When Google announced Anthos last year at Google Cloud Next, it was a pretty big deal. Here was a cloud company releasing a product that purported to help you move your applications between cloud companies like AWS and Azure — that would be GCP’s competitors — because it’s what customers demanded.
Google tapped into genuine anxiety tech leaders at customer companies are having over vendor lock-in in the cloud. Back in the client-server days, most of these folks got locked into a tech stack where they were at the mercy of the vendor. It’s something companies desperately want to avoid this go-round.
With Anthos, Google claimed you could take an application, package it in a container, and then move it freely between clouds without having to rewrite it for the underlying infrastructure. It was and remains a compelling idea.
This year, the company is updating the product to include a couple of speciality workloads that didn’t get into version 1.0 last year. For starters, many customers aren’t just multi-cloud, meaning they have workloads on various infrastructure cloud vendors, they are also hybrid. That means they still have workloads on-prem in their own data centers, as well as in the cloud, and Google wanted to provide a way to include these workloads in Anthos.
Pali Bhat, VP of product and design at Google Cloud says they have heard customers still have plenty of applications on premises and they want a way to package them as containerized, cloud native workloads.

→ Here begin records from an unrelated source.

lemma (in comm_group) splitting_iso_DirProd:
  assumes "group A" "group C"
    and i: "i \<in> hom A G" and s: "s \<in> hom C G" and q: "q \<in> hom G A" and p: "p \<in> hom G C"
    and qi: "\<And>x. x \<in> carrier A \<Longrightarrow> q (i x) = x"
    and qs: "\<And>y. y \<in> carrier C \<Longrightarrow> q (s y) = \<one>\<^bsub>A\<^esub>"
    and pi: "\<And>x. x \<in> carrier A \<Longrightarrow> p (i x) = \<one>\<^bsub>C\<^esub>"
    and ps: "\<And>y. y \<in> carrier C \<Longrightarrow> p (s y) = y"
    and decomp: "\<And>b. b \<in> carrier G \<Longrightarrow> i (q b) \<otimes> s (p b) = b"
  shows "(\<lambda>(x, y). i x \<otimes> s y) \<in> iso (A \<times>\<times> C) G"
proof -
  interpret A: group A by fact
  interpret C: group C by fact
  note ic = hom_in_carrier[OF i] and sc = hom_in_carrier[OF s]
  have "bij_betw (\<lambda>(x, y). i x \<otimes> s y) (carrier (A \<times>\<times> C)) (carrier G)"
  proof (rule bij_betwI[where g = "\<lambda>b. (q b, p b)"])
    show "(\<lambda>(x, y). i x \<otimes> s y) \<in> carrier (A \<times>\<times> C) \<rightarrow> carrier G"
      by (auto simp: ic sc)
    show "(\<lambda>b. (q b, p b)) \<in> carrier G \<rightarrow> carrier (A \<times>\<times> C)"
      using hom_in_carrier[OF q] hom_in_carrier[OF p] by auto
    show "(\<lambda>b. (q b, p b)) (case z of (x, y) \<Rightarrow> i x \<otimes> s y) = z" if "z \<in> carrier (A \<times>\<times> C)" for z
      using that ic sc by (auto simp: hom_mult[OF q] hom_mult[OF p] qi qs pi ps)
    show "(case (q b, p b) of (x, y) \<Rightarrow> i x \<otimes> s y) = b" if "b \<in> carrier G" for b
      using that decomp by simp
  qed
  then show ?thesis
    using hom_DirProd_mult[OF assms(1-4)] unfolding iso_def by blast
qed

abbreviation FG :: "('a \<Rightarrow>\<^sub>0 int) monoid" where "FG \<equiv> free_Abelian_group UNIV"

lemma subgroup_FG_zero: "subgroup S FG \<Longrightarrow> 0 \<in> S"
  using subgroup.one_closed by fastforce

lemma subgroup_FG_diff:
  assumes "subgroup S FG" "x \<in> S" "y \<in> S"
  shows "x - y \<in> S"
  using subgroup.m_closed[OF assms(1) assms(2) subgroup.m_inv_closed[OF assms(1) assms(3)]] by simp
lemma dist_Pair_le_scaled:
  fixes x x0 x1 :: "'a::metric_space" and y y0 y1 :: "'b::metric_space"
  assumes "dist x x0 \<le> k * dist x0 x1" "dist y y0 \<le> k * dist y0 y1" "0 \<le> k"
  shows "dist (x, y) (x0, y0) \<le> k * dist (x0, y0) (x1, y1)"
proof -
  have "(dist x x0)^2 + (dist y y0)^2 \<le> (k * dist x0 x1)^2 + (k * dist y0 y1)^2"
    using assms by (intro add_mono power_mono) auto
  also have "\<dots> = (k * dist (x0, y0) (x1, y1))^2" by (simp add: dist_Pair_Pair power_mult_distrib algebra_simps)
  finally have "sqrt ((dist x x0)^2 + (dist y y0)^2) \<le> sqrt ((k * dist (x0, y0) (x1, y1))^2)"
    by (rule real_sqrt_le_mono)
  then show ?thesis using assms(3) by (simp add: dist_Pair_Pair[of x y])
qed

text \<open>The hypothesis is the convexity inequality of (A2) for the step size \<open>q\<close>, centred at the
  starting point of a curve; multiplied by \<open>2q\<close> it reads \<open>a \<le> (tD)\<^sup>2 + O(q)\<close>.\<close>

lemma le_sq_of_le_for_small_steps:
  fixes a p p_start p_end D t lam :: real
  assumes small: "\<And>e. e > 0 \<Longrightarrow> \<exists>q\<in>Q. 0 < q \<and> q < e"
    and ineq: "\<And>q. q \<in> Q \<Longrightarrow>
      p + a / (2*q) \<le> (1-t) * p_start + t * (p_end + D^2 / (2*q)) - (1/q + lam) / 2 * t * (1-t) * D^2"
  shows "a \<le> (t * D)^2"
proof (rule le_of_le_add_small_mult)
  fix e :: real assume "e > 0"
  then obtain q where "q \<in> Q" and q: "q > 0" "q < e" using small by blast
  have "2*q * (p + a / (2*q))
      \<le> 2*q * ((1-t) * p_start + t * (p_end + D^2 / (2*q)) - (1/q + lam) / 2 * t * (1-t) * D^2)"
    using ineq[OF \<open>q \<in> Q\<close>] q by (intro mult_left_mono) auto
  moreover have "2*q * (p + a / (2*q)) = 2*q*p + a" using q by (simp add: field_simps)
  moreover have "2*q * ((1-t) * p_start + t * (p_end + D^2 / (2*q)) - (1/q + lam) / 2 * t * (1-t) * D^2)
      = (t * D)^2 + q * (2 * ((1-t) * p_start + t * p_end - p) - lam * t * (1-t) * D^2) + 2*q*p"
    using q by (simp add: field_simps power2_eq_square)
  ultimately have "a \<le> (t * D)^2 + q * (2 * ((1-t) * p_start + t * p_end - p) - lam * t * (1-t) * D^2)"
    by linarith
  with q show "\<exists>q>0. q < e \<and> a \<le> (t * D)^2 + q * (2 * ((1-t) * p_start + t * p_end - p) - lam * t * (1-t) * D^2)"
    by blast
qed

section \<open>Strong convexity along curves and a minimax theorem\<close>

text \<open>Strong convexity along curves, recording of each curve only its point \<open>w\<close> at parameter \<open>t\<close>.\<close>

definition strongly_convex_interp_on :: "real \<Rightarrow> 'a::metric_space set \<Rightarrow> ('a \<Rightarrow> real) \<Rightarrow> bool" where
  "strongly_convex_interp_on mu S G \<longleftrightarrow>
     (\<forall>x0\<in>S. \<forall>x1\<in>S. \<forall>t\<in>{0..1}. \<exists>w\<in>S.
        G w \<le> (1-t) * G x0 + t * G x1 - mu/2 * t * (1-t) * (dist x0 x1)^2)"

text \<open>Lower semicontinuity of the extension of \<open>G\<close> by \<open>+\<infinity>\<close> outside \<open>S\<close>.\<close>

definition lsc_extended :: "'a::metric_space set \<Rightarrow> ('a \<Rightarrow> real) \<Rightarrow> bool" where
  "lsc_extended S G \<longleftrightarrow>
     (\<forall>x0 c. (x0 \<in> S \<longrightarrow> c < G x0) \<longrightarrow> (\<exists>r>0. \<forall>x\<in>S. dist x x0 < r \<longrightarrow> c < G x))"

definition saddle_on :: "'a set \<Rightarrow> 'b set \<Rightarrow> ('a \<Rightarrow> 'b \<Rightarrow> real) \<Rightarrow> 'a \<times> 'b \<Rightarrow> bool" where
  "saddle_on S T F p \<longleftrightarrow> fst p \<in> S \<and> snd p \<in> T \<and>
     (\<forall>x\<in>S. F (fst p) (snd p) \<le> F x (snd p)) \<and> (\<forall>y\<in>T. F (fst p) y \<le> F (fst p) (snd p))"

lemma lsc_extended_add_continuous:
  fixes f :: "'a::metric_space \<Rightarrow> ereal"
  assumes lsc: "lsc f" and fin: "\<And>x. x \<in> S \<Longrightarrow> f x = ereal (g x)"
    and out: "\<And>x. x \<notin> S \<Longrightarrow> f x = \<infinity>" and cont: "\<And>x. isCont h x"
  shows "lsc_extended S (\<lambda>x. g x + h x)"
  unfolding lsc_extended_def
proof (intro allI impI)
  fix x0 c assume below: "x0 \<in> S \<longrightarrow> c < g x0 + h x0"
  obtain c' d where d: "d > 0" "ereal c' < f x0" "c \<le> c' + h x0 - d"
  proof (cases "x0 \<in> S")
    case True
    define d where "d = (g x0 + h x0 - c) / 2"
    show ?thesis using that[of d "g x0 - d"] True below fin by (simp add: d_def)
  next
    case False
    show ?thesis using that[of 1 "c - h x0 + 1"] False out by simp
  qed
  have "open {x. ereal c' < f x}" using lsc by (simp add: lsc_def)
  then obtain r1 where r1: "r1 > 0" "\<And>x. dist x x0 < r1 \<Longrightarrow> ereal c' < f x"
    using d(2) by (metis dist_commute mem_Collect_eq open_dist)
  obtain r2 where r2: "r2 > 0" "\<And>x. dist x x0 < r2 \<Longrightarrow> dist (h x) (h x0) < d"
    using cont[of x0] d(1) unfolding continuous_at_eps_delta by blast
  have "c < g x + h x" if "x \<in> S" "dist x x0 < min r1 r2" for x
  proof -
    have "c' < g x" using r1(2)[of x] fin[OF that(1)] that(2) by simp
    moreover have "h x0 - d < h x" using r2(2)[of x] that(2) by (simp add: dist_real_def)
    ultimately show ?thesis using d(3) by linarith
  qed
  then show "\<exists>r>0. \<forall>x\<in>S. dist x x0 < r \<longrightarrow> c < g x + h x"
    using r1(1) r2(1) by (intro exI[of _ "min r1 r2"]) auto
qed

lemma strongly_convex_interp_quadratic_growth:
  fixes G :: "'a::metric_space \<Rightarrow> real"
  assumes conv: "strongly_convex_interp_on mu S G"
    and m: "m \<in> S" "\<forall>x\<in>S. G m \<le> G x" and x: "x \<in> S"
  shows "G m + mu/2 * (dist m x)^2 \<le> G x"
proof (rule le_of_le_add_small_mult)
  fix e :: real assume e: "e > 0"
  define t where "t = min (e/2) 1"
  have t: "0 < t" "t < e" "t \<le> 1" using e by (auto simp: t_def)
  then obtain w where "w \<in> S" and w: "G w \<le> (1-t) * G m + t * G x - mu/2 * t * (1-t) * (dist m x)^2"
    using conv m x unfolding strongly_convex_interp_on_def by fastforce
  then have "G m \<le> G w" using m by blast
  with w have "t * (G m + mu/2 * (dist m x)^2) \<le> t * (G x + t * (mu/2 * (dist m x)^2))"
    by (simp add: field_simps)
  then have "G m + mu/2 * (dist m x)^2 \<le> G x + t * (mu/2 * (dist m x)^2)" using t by simp
  with t show "\<exists>t>0. t < e \<and> G m + mu/2 * (dist m x)^2 \<le> G x + t * (mu/2 * (dist m x)^2)"
    by blast
qed

lemma strongly_convex_from_point_coercive:
  fixes G :: "'a::metric_space \<Rightarrow> real"
  assumes mu: "mu > 0" and x0: "x0 \<in> S" and r: "r > 0"
    and near: "\<forall>x\<in>S. dist x x0 < r \<longrightarrow> G x0 - 1 < G x"
    and along: "\<forall>x1\<in>S. \<forall>t\<in>{0..1}. \<exists>w\<in>S. dist w x0 \<le> t * dist x0 x1 \<and>
                  G w \<le> (1-t) * G x0 + t * G x1 - mu/2 * t * (1-t) * (dist x0 x1)^2"
    and x: "x \<in> S"
  shows "G x0 - 2 - 2 * dist x0 x / r + mu/4 * (dist x0 x)^2 \<le> G x"
proof (cases "x = x0")
  case True
  then show ?thesis by simp
next
  case False
  define D where "D = dist x0 x"
  have D: "D > 0" using False by (simp add: D_def)
  define t where "t = min (1/2) (r / (2*D))"
  have t: "0 < t" "t \<le> 1/2" "t * D \<le> r/2" using D r by (auto simp: t_def min_def field_simps)
  obtain w where "w \<in> S" "dist w x0 \<le> t * D"
    and w: "G w \<le> (1-t) * G x0 + t * G x - mu/2 * t * (1-t) * D^2"
    using along x t unfolding D_def by fastforce
  with near r t have "G x0 - 1 < G w" by force
  moreover have "(1-t) * G x0 = G x0 - t * G x0" by (simp add: algebra_simps)
  ultimately have "t * G x0 - 1 + mu/2 * t * (1-t) * D^2 < t * G x" using w by linarith
  moreover have "t * (G x0 - 1/t + mu/2 * (1-t) * D^2) = t * G x0 - 1 + mu/2 * t * (1-t) * D^2"
    using t by (simp add: field_simps)
  ultimately have "t * (G x0 - 1/t + mu/2 * (1-t) * D^2) < t * G x" by linarith
  then have "G x0 - 1/t + mu/2 * (1-t) * D^2 < G x" using t by simp
  moreover have "1/t \<le> 2 + 2 * D / r"
  proof (cases "1/2 \<le> r / (2*D)")
    case True
    then show ?thesis using D r by (simp add: t_def)
  next
    case False
    then show ?thesis by (simp add: t_def)
  qed
  moreover have "mu/4 * D^2 \<le> mu/2 * (1-t) * D^2"
    using t mu by (intro mult_right_mono) auto
  ultimately show ?thesis unfolding D_def by linarith
qed

text \<open>Moving the centre of the quadratic term \<open>d(\<cdot>, x0)\<^sup>2/(2\<tau>)\<close> of a coercive function to
  another point changes it only by a term of linear growth.\<close>

lemma strongly_convex_from_point_recentred_bdd_below:
  fixes G :: "'a::metric_space \<Rightarrow> real"
  assumes mu: "mu > 0" and x0: "x0 \<in> S" and r: "r > 0" and tau: "tau > 0"
    and near: "\<forall>x\<in>S. dist x x0 < r \<longrightarrow> G x0 - 1 < G x"
    and along: "\<forall>x1\<in>S. \<forall>t\<in>{0..1}. \<exists>w\<in>S. dist w x0 \<le> t * dist x0 x1 \<and>
                  G w \<le> (1-t) * G x0 + t * G x1 - mu/2 * t * (1-t) * (dist x0 x1)^2"
  obtains B where "\<And>x. x \<in> S \<Longrightarrow> B \<le> G x + ((dist x xb)^2 - (dist x x0)^2) / (2*tau)"
proof
  fix x assume x: "x \<in> S"
  define D where "D = dist x0 x"
  define e where "e = dist x0 xb"
  have "D \<le> e + dist x xb" unfolding D_def e_def by (rule dist_triangle2)
  moreover have "e \<le> D + dist x xb"
    unfolding D_def e_def using dist_triangle2[of x0 xb x] by (simp add: dist_commute)
  ultimately have "\<bar>D - e\<bar> \<le> dist x xb" by linarith
  then have "(D - e)^2 \<le> (dist x xb)^2"
    by (metis abs_ge_zero power2_abs power_mono)
  moreover have "(D - e)^2 = D^2 + e^2 - 2 * D * e" by (simp add: power2_diff)
  moreover have "(dist x x0)^2 = D^2" by (simp add: D_def dist_commute)
  ultimately have "- 2 * D * e \<le> (dist x xb)^2 - (dist x x0)^2"
    using zero_le_power2[of e] by linarith
  then have "(- 2 * D * e) / (2*tau) \<le> ((dist x xb)^2 - (dist x x0)^2) / (2*tau)"
    using tau by (intro divide_right_mono) auto
  moreover have "(- 2 * D * e) / (2*tau) = - (e/tau) * D" using tau by simp
  moreover have "G x0 - 2 - 2 * D / r + mu/4 * D^2 \<le> G x"
    unfolding D_def by (rule strongly_convex_from_point_coercive[OF mu x0 r near along x])
  moreover have "G x0 - 2 - (- (2/r + e/tau))^2 / (4 * (mu/4))
      \<le> mu/4 * D^2 + (- (2/r + e/tau)) * D + (G x0 - 2)"
    using mu by (intro quadratic_ge_vertex) auto
  moreover have "(- (2/r + e/tau))^2 / (4 * (mu/4)) = (2/r + e/tau)^2 / mu"
    by (simp only: power2_minus)
  moreover have "mu/4 * D^2 + (- (2/r + e/tau)) * D + (G x0 - 2)
      = G x0 - 2 - 2 * D / r + mu/4 * D^2 - (e/tau) * D" by (simp add: algebra_simps)
  ultimately show "G x0 - 2 - (2/r + e/tau)^2 / mu
      \<le> G x + ((dist x xb)^2 - (dist x x0)^2) / (2*tau)"
    by linarith
qed

lemma strongly_convex_interp_minimizing_Cauchy:
  fixes G :: "'a::metric_space \<Rightarrow> real"
  assumes conv: "strongly_convex_interp_on mu S G" and mu: "mu > 0"
    and inf: "\<And>x. x \<in> S \<Longrightarrow> I \<le> G x"
    and xs: "\<And>n. xs n \<in> S" "\<And>n. G (xs n) < I + 1 / real (Suc n)"
  shows "Cauchy xs"
proof (rule metric_CauchyI)
  fix e :: real assume e: "e > 0"
  obtain N where N: "8 / (mu * e^2) < real N" using reals_Archimedean2 by blast
  have "dist (xs m) (xs n) < e" if "m \<ge> N" "n \<ge> N" for m n
  proof -
    have interp: "\<forall>x0\<in>S. \<forall>x1\<in>S. \<forall>t\<in>{0..1}. \<exists>w\<in>S.
        G w \<le> (1-t) * G x0 + t * G x1 - mu/2 * t * (1-t) * (dist x0 x1)^2"
      using conv by (simp add: strongly_convex_interp_on_def)
    obtain w where "w \<in> S" and w: "G w \<le> (1 - 1/2) * G (xs m) + 1/2 * G (xs n)
        - mu/2 * (1/2) * (1 - 1/2) * (dist (xs m) (xs n))^2"
      using bspec[OF bspec[OF bspec[OF interp xs(1)[of m]] xs(1)[of n]], of "1/2"] by auto
    have "(1 - 1/2) * G (xs m) + 1/2 * G (xs n) - mu/2 * (1/2) * (1 - 1/2) * (dist (xs m) (xs n))^2
        = G (xs m) / 2 + G (xs n) / 2 - mu/8 * (dist (xs m) (xs n))^2"
      by (simp add: field_simps)
    moreover have "1 / real (Suc m) \<le> 1 / real (Suc N)" "1 / real (Suc n) \<le> 1 / real (Suc N)"
      using that by (auto intro!: divide_left_mono)
    ultimately have "mu/8 * (dist (xs m) (xs n))^2 < 1 / real (Suc N)"
      using w inf[OF \<open>w \<in> S\<close>] xs(2)[of m] xs(2)[of n] by linarith
    then have "mu * (dist (xs m) (xs n))^2 < 8 / real (Suc N)" by (simp add: field_simps)
    also have "\<dots> < mu * e^2"
    proof -
      have "8 / (mu * e^2) < real (Suc N)" using N by simp
      then show ?thesis using mu e by (simp add: field_simps)
    qed
    finally have "(dist (xs m) (xs n))^2 < e^2" using mu by simp
    then show ?thesis using e by (simp add: power_less_imp_less_base)
  qed
  then show "\<exists>M. \<forall>m\<ge>M. \<forall>n\<ge>M. dist (xs m) (xs n) < e" by blast
qed

lemma strongly_convex_interp_has_min:
  fixes G :: "'a::complete_space \<Rightarrow> real"
  assumes "S \<noteq> {}" and lsc: "lsc_extended S G" and bdd: "bdd_below (G ` S)"
    and conv: "strongly_convex_interp_on mu S G" and mu: "mu > 0"
  obtains m where "m \<in> S" "\<forall>x\<in>S. G m \<le> G x"
proof -
  define I where "I = Inf (G ` S)"
  have I: "I \<le> G x" if "x \<in> S" for x unfolding I_def using bdd that by (simp add: cInf_lower)
  have "\<exists>x\<in>S. G x < I + 1 / real (Suc n)" for n
    using cInf_less_iff[of "G ` S" "I + 1 / real (Suc n)"] \<open>S \<noteq> {}\<close> bdd
    unfolding I_def by auto
  then obtain xs where xs: "\<And>n. xs n \<in> S" "\<And>n. G (xs n) < I + 1 / real (Suc n)" by metis
  have "Cauchy xs" by (rule strongly_convex_interp_minimizing_Cauchy[OF conv mu I xs])
  then obtain L where L: "xs \<longlonglongrightarrow> L" using Cauchy_convergent_iff convergent_def by blast
  have "L \<in> S \<and> G L \<le> I"
  proof (rule ccontr)
    assume nc: "\<not> (L \<in> S \<and> G L \<le> I)"
    define d where "d = (if L \<in> S then (G L - I) / 2 else 1)"
    have d: "d > 0" "L \<in> S \<Longrightarrow> I + d < G L" using nc unfolding d_def by (auto simp: field_simps)
    obtain r where r: "r > 0" "\<forall>x\<in>S. dist x L < r \<longrightarrow> I + d < G x"
      using lsc d unfolding lsc_extended_def by blast
    obtain N1 where N1: "\<forall>n\<ge>N1. dist (xs n) L < r" using L r(1) lim_sequentially by blast
    obtain N2 where N2: "1 / d < real N2" using reals_Archimedean2 by blast
    define n where "n = max N1 N2"
    have "I + d < G (xs n)" using r(2) N1 xs(1) by (simp add: n_def)
    moreover have "1 / d < real (Suc n)" using N2 by (simp add: n_def)
    then have "1 / real (Suc n) < d" using d by (simp add: field_simps)
    ultimately show False using xs(2)[of n] by simp
  qed
  then show ?thesis using I that by force
qed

“They do want to be able to bring all of the benefits of cloud to both their own data centers, but also to any cloud they choose to use. And what Anthos enables them to do is go on this journey of modernization and digital transformation and be able to take advantage of it by writing once and running it anywhere, and that’s a really cool vision,” Bhat said.
And while some companies have made the move from on prem to the cloud, they still want the comfort of working on bare metal where they are the only tenant. The cloud typically offers a multi-tenant environment where users share space on servers, but bare metal gives a customer the benefits of being in the cloud with the ability to control your own destiny as you do on prem.
Customers were asking for Anthos to support bare metal, and so Google gave the people what they wanted and are releasing a beta of Anthos for bare metal this week, which Bhat says provides the answer for companies looking to have the benefits of Anthos at the edge.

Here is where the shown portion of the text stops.